[newlib-cygwin/main] Cygwin: execve: drop argument size limit

[newlib-cygwin/main] Cygwin: execve: drop argument size limit

[Corinna Vinschen]

https://sourceware.org/git/gitweb.cgi?p=newlib-cygwin.git;h=ca2a4ec243627b19f0ac2c7262703f81712f3be4

commit ca2a4ec243627b19f0ac2c7262703f81712f3be4
Author:     Corinna Vinschen <corinna@vinschen.de>
AuthorDate: Tue Aug 29 11:55:10 2023 +0200
Commit:     Corinna Vinschen <corinna@vinschen.de>
CommitDate: Tue Aug 29 14:17:04 2023 +0200

    Cygwin: execve: drop argument size limit
    
    Before commit 44f73c5a6206 ("Cygwin: Fix segfalt when too many command
    line args are specified.") we had no actual argument size limit, except
    for the fact that the child process created another copy of the argv
    array on the stack, which could result in a stack overflow and a
    subsequent SEGV.  Commit 44f73c5a6206 changed that by allocating the
    additional argv array via malloc, and it introduced a new SC_ARG_MAX
    limit along the lines of the typical Linux limit.
    
    However, this new limit is artificial.
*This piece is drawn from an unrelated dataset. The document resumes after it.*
(* Let $\mathcal C=(A,\bar A,B,\bar B,C,\bar C,D,\bar D,E,\bar E,F,\bar F)$ be a coefficient tuple and $\mathcal W=(Q,\bar Q,S,\bar S,R,\bar R,G,\bar G)$ a weight tuple satisfying Assumption (S); let $\mathcal C_1,\mathcal W_1$ be as in the context. Then: (1) the first Riccati equation (for $P$) of $\mathrm{Ric}(\mathcal C_1,\mathcal W_1)$ is the same equation as the first Riccati equation of $\mathrm{Ric}(\mathcal C,\mathcal W)$; (2) the second Riccati equation (for $\Pi$) of $\mathrm{Ric}(\mathcal C_1,\mathcal W_1)$ is the same equation as the second Riccati equation of $\mathrm{Ric}(\mathcal C,\mathcal W)$. That is, the terminal conditions coincide and, for every $t$ and every $P_t,\Pi_t\in\mathbb S^n$ for which $\Sigma_{0t}$ and $\Sigma_{1t}$ are invertible, the corresponding left-hand side expressions coincide.
   Context: Fix $T>0$, integers $n,m\ge1$, a nonempty $\Theta\subseteq\mathbb R\setminus\{0\}$ and a $\sigma$-finite measure $\nu$ on $\Theta$ with $\int_\Theta(1\wedge\theta^2)\nu(d\theta)<\infty$. $\mathbb S^k$: symmetric $k\times k$ matrices; $M\ge\alpha I$ means $M-\alpha I$ positive semidefinite. $L^\infty(0,T;M)$: bounded functions; $L^2_\nu(M)$: deterministic $r:[0,T]\times\Theta\to M$ with $\sup_t\int_\Theta|r(t,\theta)|^2\nu(d\theta)<\infty$. A coefficient tuple $\mathcal C=(A,\bar A,B,\bar B,C,\bar C,D,\bar D,E,\bar E,F,\bar F)$: deterministic $A,\bar A,C,\bar C\in L^\infty(0,T;\mathbb R^{n\times n})$, $B,\bar B,D,\bar D\in L^\infty(0,T;\mathbb R^{n\times m})$, $E,\bar E\in L^2_\nu(\mathbb R^{n\times n})$, $F,\bar F\in L^2_\nu(\mathbb R^{n\times m})$. A weight tuple $\mathcal W=(Q,\bar Q,S,\bar S,R,\bar R,G,\bar G)$: $Q,\bar Q\in L^\infty(0,T;\mathbb S^n)$, $R,\bar R\in L^\infty(0,T;\mathbb S^m)$, $S,\bar S\in L^\infty(0,T;\mathbb R^{n\times m})$, $G,\bar G\in\mathbb S^n$. Riccati system $\mathrm{Ric}(\mathcal C,\mathcal W)$: for deterministic $P,\Pi:[0,T]\to\mathbb S^n$, with $\Sigma_{0t}=R_t+D_t^\top P_tD_t+\int_\Theta F_{t,\theta}^\top P_tF_{t,\theta}\nu(d\theta)$, $\Sigma_{1t}=R_t+\bar R_t+(D_t+\bar D_t)^\top P_t(D_t+\bar D_t)+\int_\Theta(F_{t,\theta}+\bar F_{t,\theta})^\top P_t(F_{t,\theta}+\bar F_{t,\theta})\nu(d\theta)$: $\dot P_t+P_tA_t+A_t^\top P_t+C_t^\top P_tC_t+\int_\Theta E_{t,\theta}^\top P_tE_{t,\theta}\nu(d\theta)+Q_t-\big(S_t+P_tB_t+C_t^\top P_tD_t+\int_\Theta E_{t,\theta}^\top P_tF_{t,\theta}\nu(d\theta)\big)\Sigma_{0t}^{-1}\big(S_t^\top+B_t^\top P_t+D_t^\top P_tC_t+\int_\Theta F_{t,\theta}^\top P_tE_{t,\theta}\nu(d\theta)\big)=0$, $P_T=G$; $\dot\Pi_t+\Pi_t(A_t+\bar A_t)+(A_t+\bar A_t)^\top\Pi_t+(C_t+\bar C_t)^\top P_t(C_t+\bar C_t)+\int_\Theta(E_{t,\theta}+\bar E_{t,\theta})^\top P_t(E_{t,\theta}+\bar E_{t,\theta})\nu(d\theta)+Q_t+\bar Q_t-\big[(S_t+\bar S_t)+\Pi_t(B_t+\bar B_t)+(C_t+\bar C_t)^\top P_t(D_t+\bar D_t)+\int_\Theta(E_{t,\theta}+\bar E_{t,\theta})^\top P_t(F_{t,\theta}+\bar F_{t,\theta})\nu(d\theta)\big]\Sigma_{1t}^{-1}\big[(S_t+\bar S_t)^\top+(B_t+\bar B_t)^\top\Pi_t+(D_t+\bar D_t)^\top P_t(C_t+\bar C_t)+\int_\Theta(F_{t,\theta}+\bar F_{t,\theta})^\top P_t(E_{t,\theta}+\bar E_{t,\theta})\nu(d\theta)\big]=0$, $\Pi_T=G+\bar G$. Assumption (S) for $\mathcal W$: there is $\alpha_0>0$ such that for all $t$: $R_t\ge\alpha_0I$, $R_t+\bar R_t\ge\alpha_0I$, $Q_t-S_tR_t^{-1}S_t^\top\ge0$, $Q_t+\bar Q_t-(S_t+\bar S_t)(R_t+\bar R_t)^{-1}(S_t+\bar S_t)^\top\ge0$, $G\ge0$, $G+\bar G\ge0$. Under Assumption (S), define $A_1=A-BR^{-1}S^\top$, $\bar A_1=A+\bar A-(B+\bar B)(R+\bar R)^{-1}(S+\bar S)^\top-A_1$, $C_1=C-DR^{-1}S^\top$, $\bar C_1=C+\bar C-(D+\bar D)(R+\bar R)^{-1}(S+\bar S)^\top-C_1$, $E_{1t,\theta}=E_{t,\theta}-F_{t,\theta}R_t^{-1}S_t^\top$, $\bar E_{1t,\theta}=E_{t,\theta}+\bar E_{t,\theta}-(F_{t,\theta}+\bar F_{t,\theta})(R_t+\bar R_t)^{-1}(S_t+\bar S_t)^\top-E_{1t,\theta}$, $Q_1=Q-SR^{-1}S^\top$, $\bar Q_1=Q+\bar Q-(S+\bar S)(R+\bar R)^{-1}(S+\bar S)^\top-Q_1$; $\mathcal C_1=(A_1,\bar A_1,B,\bar B,C_1,\bar C_1,D,\bar D,E_1,\bar E_1,F,\bar F)$ and $\mathcal W_1=(Q_1,\bar Q_1,0,0,R,\bar R,G,\bar G)$. *)

theory Defs
  imports "HOL-Analysis.Analysis"
begin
Cygwin allocates all argument
    and environment data on the cygheap.  We only run out of ARG_MAX space
    if we're out of memory resources.
    
    Change argument size handling accordingly:
    - Drop the args size check from  child_info_spawn::worker.
    - Return -1 from sysconf (SC_ARG_MAX), i. e., the argument size limit
      is undefined.
    - Change argv handling in class av, so that a failing cmalloc is not
      fatal.  This allows the parent process to return E2BIG if it's out
      of cygheap resources.
    - In the child, add a check around the new malloc call, so that it
      doesn't result in a SEGV if the child process gets unexpectedly into
      an ENOMEM situation at this point. In this (unlikely) case, proceed
      with the original __argv array instead.  Add comment to explain why.
    
    Fixes: 44f73c5a6206 ("Cygwin: Fix segfalt when too many command line args are specified.")
    Tested-by: Takashi Yano <takashi.yano@nifty.ne.jp>
    Signed-off-by: Corinna Vinschen <corinna@vinschen.de>

Diff:
---
 winsup/cygwin/dcrt0.cc                | 18 +++++++++++++++---
 winsup/cygwin/kernel32.cc             |  7 +++++--
 winsup/cygwin/local_includes/winf.h   | 13 +++++++++----
 winsup/cygwin/local_includes/winsup.h |  4 ----
 winsup/cygwin/spawn.cc                | 18 ++++++++----------
 winsup/cygwin/sysconf.cc              |  2 +-
 6 files changed, 38 insertions(+), 24 deletions(-)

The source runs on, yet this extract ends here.